In 1933, Muller painted three 100 foot murals for the Travel and Transport exhibit of the Century of Progress Chicago World's Fair. That same year he wrote and illustrated an original short story titled "Break 'Em Gentle" for the premier October 1933 issue of Esquire Magazine- an issue which also featured works by Ernest Hemingway, Dashiell Hammett, Ring Lardner, John Dos Passos and others.

He settled for a while in Elko, Nevada in the mid-1930s where he painted murals and signs as well as original artwork. He painted murals for the famous Town House restaurant/casino in Reno NV. 
In 1936 the artist had a painting chosen to represent the state of NV in the First National Exhibition of American Art at Rockefeller Center in New York City (an oil titled "Tangle Foot"; City of NY Municipal Art Committee booklet, 1936, pg28). In the late 1930s Muller continued to paint and do illustrations- he drew two (July 1937 and December 1940) cover pieces for the rodeo magazine Hoofs and Horns, an honor he shared with at least one other well known cowboy artist, Olaf Wieghorst.

Writing

In 1936, Muller's first book "Horses" was published. This book consisted of varied illustrations of horses, a major theme of Muller's work. The book was published with an initial run of 150 leather bound, signed editions. An article in the Nevada State Journal of May 3, 1939 stated of this work: "Dan Muller, the artist, is unique. These are not merely accurate drawings of horses- from the cow pony to the hunter, the Percheron and the race- but character studies... There is real art in his appreciation of horse expression as revealed by toss of head, look of eyes, and tenseness or ease of muscles..."The book is also full of good horse humor..." "The Eugene Field Society conferred an honorary membership on Muller for 'outstanding contribution to contemporary literature...".

Muller had a second book published in 1938, "Chico of the +Up Ranch". Although fictional, the "+Up Ranch" is where Muller states he was born, and the +Up logo appears in a number of Muller's artworks.

About 1942, Muller relocated to Port Washington, Wisconsin. During the 1940s and into the 1950s Muller did dozens of cover paintings and illustrated stories for Zane Grey's Western Magazine, again sharing the honor with other western art notables such as Nicholas Firfires, Leonard Reedy and the aforementioned Wieghorst.

Muller illustrated a 1945 edition of Black Beauty by Anna Sewell. He also illustrated the book "Gene Autry and the Thief River Outlaws" in 1944.

In 1948, the third of Muller's books, "My Life with Buffalo Bill" was published. The book was autobiographical in nature, but likely would fall into the category of "tall tale". In a review the Chicago Tribune described the book as a "fascinating volume...superbly illustrated by the author" and Muller as "one of the world's great artists of western ranch life."
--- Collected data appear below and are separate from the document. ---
(* In the setting of the context, $D^{\Lambda_W}$ is $C$-symmetric (i.e. $D^{\Lambda_W}C=-CD^{\Lambda_W}$) if and only if $\Lambda_W=\Lambda_C$. If $\Lambda=\{(f,f')\in\mathcal F\oplus\mathcal F:Af=Bf'\}$ for linear operators $A,B$ in $\mathcal F$, this occurs if and only if there exists a linear bijection $X$ on $\mathcal F$ such that $\overline B\,W\widetilde V_CW^{-1}=XA$ and $\overline A\,W\widetilde V_CW^{-1}=XB$. Furthermore, for $i\in\{p,c,r,d,ess\}$, $$\lambda\in\sigma_i(D^{\Lambda_W})\iff-\overline\lambda\in\sigma_i(D^{\Lambda_C}).$$ In particular, if $D^{\Lambda_W}$ is $C$-symmetric, then its spectrum is symmetric with respect to reflection over the imaginary axis.
   Context: Let $m\ge0$. A finite oriented metric graph $\mathbf G$ has a finite nonempty vertex set $\mathcal V$, finite sets $\mathcal I$ (internal) and $\mathcal E$ (external) of edges, $\mathcal J=\mathcal I\cup\mathcal E\ne\emptyset$, no loops. Each internal edge $i$ is identified with $I_i=(a_i,b_i)$, $a_i$, $b_i$ corresponding to its initial and terminal vertex. An external edge $e$ is identified with $(a_e,+\infty)$ ($\rho(e)=-1$) or $(-\infty,b_e)$ ($\rho(e)=1$), finite endpoint $\partial e$ corresponding to its vertex. $\mathscr H=\bigoplus_jL^2(I_j;\mathbb C^2)$, $\widetilde H^1=\bigoplus_jH^1(I_j;\mathbb C^2)$, $\Phi=(\phi_j)_j$; $D^{max}$ acts edgewise by $-i\sigma_1\phi_j'+m\sigma_3\phi_j$ ($\sigma_1=\begin{pmatrix}0&1\\1&0\end{pmatrix}$, $\sigma_3=\operatorname{diag}(1,-1)$). $\mathcal G=\bigoplus_j\mathcal G_j$, $\mathcal G_i=\mathbb C^2$, $\mathcal G_e=\mathbb C$; $\Gamma^k=\bigoplus_j\Gamma^k_j$, $\Gamma^1_i\Phi=(\phi_i^1(a_i),\phi_i^1(b_i))^T$, $\Gamma^2_i\Phi=(i\phi_i^2(a_i),-i\phi_i^2(b_i))^T$, $\Gamma^1_e\Phi=\phi_e^1(\partial e)$, $\Gamma^2_e\Phi=-i\rho(e)\phi^2_e(\partial e)$. Vertex space $\mathcal F=\bigoplus_v\mathbb C^{\deg v}$; coordinates of $\mathcal G$, $\mathcal F$ are labelled by pairs $(j,v)$, ordered in $\mathcal G$ edge by edge (initial vertex first for internal edges) and in $\mathcal F$ vertex by vertex (then by the fixed edge order); $W:\mathcal G\to\mathcal F$ is the permutation matrix sending coordinate $(j,v)$ of $\mathcal G$ to coordinate $(j,v)$ of $\mathcal F$. $C\Phi=(\sigma_1\overline{\phi_j})_j$ (antilinear). $\widetilde V_C=\bigoplus_j\widetilde V_{C,j}$ is the linear map on $\mathcal G$ with $\widetilde V_{C,j}\omega_j=i\sigma_3\omega_j$ for $j\in\mathcal I$ and $\widetilde V_{C,j}\omega_j=-i\rho(j)\omega_j$ for $j\in\mathcal E$, and $V_C\omega=\widetilde V_C\overline\omega$. $\Lambda$ is a linear relation in $\mathcal F$; $\Lambda_W=\{(f,f')\in\mathcal G\oplus\mathcal G:(Wf,Wf')\in\Lambda\}$; $\Lambda_C=\{(V_CW^{-1}f',V_CW^{-1}f):(f,f')\in\Lambda\}$; for a relation $\Theta$ in $\mathcal G$, $D^{\Theta}$ is the restriction of $D^{max}$ to $\{\Phi:(\Gamma^1\Phi,\Gamma^2\Phi)\in\Theta\}$. $\sigma_p,\sigma_c,\sigma_r$ are the point, continuous and residual spectrum; $\sigma_d$ the isolated eigenvalues of finite algebraic multiplicity; $\sigma_{ess}=\sigma\setminus\sigma_d$. *)

theory Defs
  imports "HOL-Analysis.Analysis"
begin

text \<open>The list g_edges fixes the edge order
 (its set is the edge set J), g_verts fixes the vertex order (its set is V).
 g_int is the set of internal edges; the external edges are J - g_int.
 For an internal edge i: g_ini i / g_ter i are its initial / terminal vertex and
 I_i = (g_a i, g_b i).  For an external edge e: g_ini e is its vertex, g_rho e is rho(e),
 and I_e = (g_a e, +inf) if rho(e) = -1, I_e = (-inf, g_b e) if rho(e) = 1.\<close>

record ('j, 'v) mgraph =
  g_edges :: "'j list"
  g_verts :: "'v list"
  g_int   :: "'j set"
  g_ini   :: "'j \<Rightarrow> 'v"
  g_ter   :: "'j \<Rightarrow> 'v"
  g_a     :: "'j \<Rightarrow> real"
  g_b     :: "'j \<Rightarrow> real"
  g_rho   :: "'j \<Rightarrow> real"

definition JJ :: "('j,'v) mgraph \<Rightarrow> 'j set" where
  "JJ G = set (g_edges G)"

definition EE :: "('j,'v) mgraph \<Rightarrow> 'j set" where
  "EE G = JJ G - g_int G"

definition wf_graph :: "('j,'v) mgraph \<Rightarrow> bool" where
  "wf_graph G \<longleftrightarrow> distinct (g_edges G) \<and> distinct (g_verts G)
     \<and> g_edges G \<noteq> [] \<and> g_verts G \<noteq> [] \<and> g_int G \<subseteq> JJ G
     \<and> (\<forall>i\<in>g_int G. g_ini G i \<in> set (g_verts G) \<and> g_ter G i \<in> set (g_verts G)
            \<and> g_ini G i \<noteq> g_ter G i \<and> g_a G i < g_b G i)
     \<and> (\<forall>e\<in>EE G. g_ini G e \<in> set (g_verts G) \<and> (g_rho G e = -1 \<or> g_rho G e = 1))"

definition Ij :: "('j,'v) mgraph \<Rightarrow> 'j \<Rightarrow> real set" where
  "Ij G j = (if j \<in> g_int G then {g_a G j <..< g_b G j}
             else if g_rho G j = -1 then {g_a G j <..} else {..< g_b G j})"

text \<open>Coordinates of the space G (edge by edge, initial vertex first) and of the
 vertex space F (vertex by vertex, then by edge order), labelled by pairs (j,v).\<close>

definition glabels :: "('j,'v) mgraph \<Rightarrow> ('j \<times> 'v) list" where
  "glabels G = concat (map (\<lambda>j. if j \<in> g_int G then [(j, g_ini G j), (j, g_ter G j)]
                                  else [(j, g_ini G j)]) (g_edges G))"

definition incident :: "('j,'v) mgraph \<Rightarrow> 'j \<Rightarrow> 'v \<Rightarrow> bool" where
  "incident G j v = (if j \<in> g_int G then g_ini G j = v \<or> g_ter G j = v else g_ini G j = v)"

definition flabels :: "('j,'v) mgraph \<Rightarrow> ('j \<times> 'v) list" where
  "flabels G = concat (map (\<lambda>v. map (\<lambda>j. (j, v)) (filter (\<lambda>j. incident G j v) (g_edges G)))
                           (g_verts G))"

definition NN :: "('j,'v) mgraph \<Rightarrow> nat" where
  "NN G = length (glabels G)"

section \<open>Finite-dimensional linear algebra on C^N (vectors nat => complex, zero beyond N)\<close>

type_synonym cvec = "nat \<Rightarrow> complex"
type_synonym cmat = "nat \<Rightarrow> nat \<Rightarrow> complex"

definition vecs :: "nat \<Rightarrow> cvec set" where
  "vecs n = {f. \<forall>k\<ge>n. f k = 0}"

definition mv :: "nat \<Rightarrow> cmat \<Rightarrow> cvec \<Rightarrow> cvec" where
  "mv n M f = (\<lambda>k. if k < n then (\<Sum>l<n. M k l * f l) else 0)"

definition mm :: "nat \<Rightarrow> cmat \<Rightarrow> cmat \<Rightarrow> cmat" where
  "mm n M1 M2 = (\<lambda>k l. \<Sum>r<n. M1 k r * M2 r l)"

definition meq :: "nat \<Rightarrow> cmat \<Rightarrow> cmat \<Rightarrow> bool" where
  "meq n M1 M2 \<longleftrightarrow> (\<forall>k<n. \<forall>l<n. M1 k l = M2 k l)"

definition idm :: cmat where
  "idm = (\<lambda>k l. if k = l then 1 else 0)"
Muller reportedly had his painting 'The Last Roundup' purchased by Nevada Senator George Malone; ("Trailings of Yesteryear" & Nevada State Journal, March 25, 1951). (Note: There does exist a painting entitled 'Riders in the Sky' that has a placard with the inscription 'Presented to Hon Senator George W Malone by Jack Fugitt Reno Nevada'. It is unknown if this is the painting mentioned in the book and newspaper as 'The Last Roundup'.)

During the late 1940s and into the 1950s Muller teamed with Eugene Freedman (who later went on to found the Enesco Corporation, distributor of Precious Moments figurines) to produce a series of western themed chalkware plaques and small statues modeled on Muller's paintings and sold under the label of Dan Muller Creations.

He also had artwork used on covers of other western magazines such as True West, Old West and Frontier Times.

Muller did several paintings of Native Americans that were made a permanent part of the collection of the Koshare Indian Museum. "Muller and Koshare museum founder Buck Burshears met on a train from Chicago to La Junta, Colorado in May 1963. Muller wrote of the experience: 'I found Mr. Burshears the sort of man that is a privilege to meet and I'm heaps better off for the meeting.'Included in the exhibit are personal correspondence between Muller and Burshears, and photographs and paintings." (Pueblo Chieftain, March 12, 2004).

Muller continued to paint and draw in WI until his death on December 4, 1976. He had two additional books published: "Ride 'Em and Rope 'Em with a Pencil", a how to sketch book, and "Trailings of Yesteryear" which was published posthumously.

Muller was a major influence on artist Ross Stefan, as noted in "Ross Stefan: An Impressionistic Painter of the Contemporary Southwest" by John K Goodman (pg 8). Ross Stefan met Muller in WI in the 1940s.

"Many of Muller's firsthand experiences in the Old West are depicted in his oils, watercolors and pastels. His work is done in a documentary style, which is punctuated with great authenticity. He was careful to portray exact detail in the clothing and gear of his subjects, as well as in the background scenes. He also had a keen knowledge of horseflesh... His paintings are owned by museums and private collectors throughout the United States, Canada, Europe and South America." Dorothy Harmsen, 1977, "American Western Art". (Mrs. Harmsen and her husband Bill Harmsen were involved in collecting Western Art. Some of the works included were by artists such as Frederic Remington, George Catlin, and Muller. In 2001 the couple donated close to 5,000 pieces of art and American West memorabilia to the Denver Art Museum).(The Harmsen Collection Denver Art Museum contains works by artists and photographers who charted the colonization of the American West in the late 19th and early 20th centuries, such as Frederic Remington, Charles M Russell, Frank E. Schoonover, and Frank Tenney Johnson as well as more modern interpreters of American & Western art, such as Gerald Curtis Delano, Harvey Dunn, Dan Muller and Raymond Jonson.)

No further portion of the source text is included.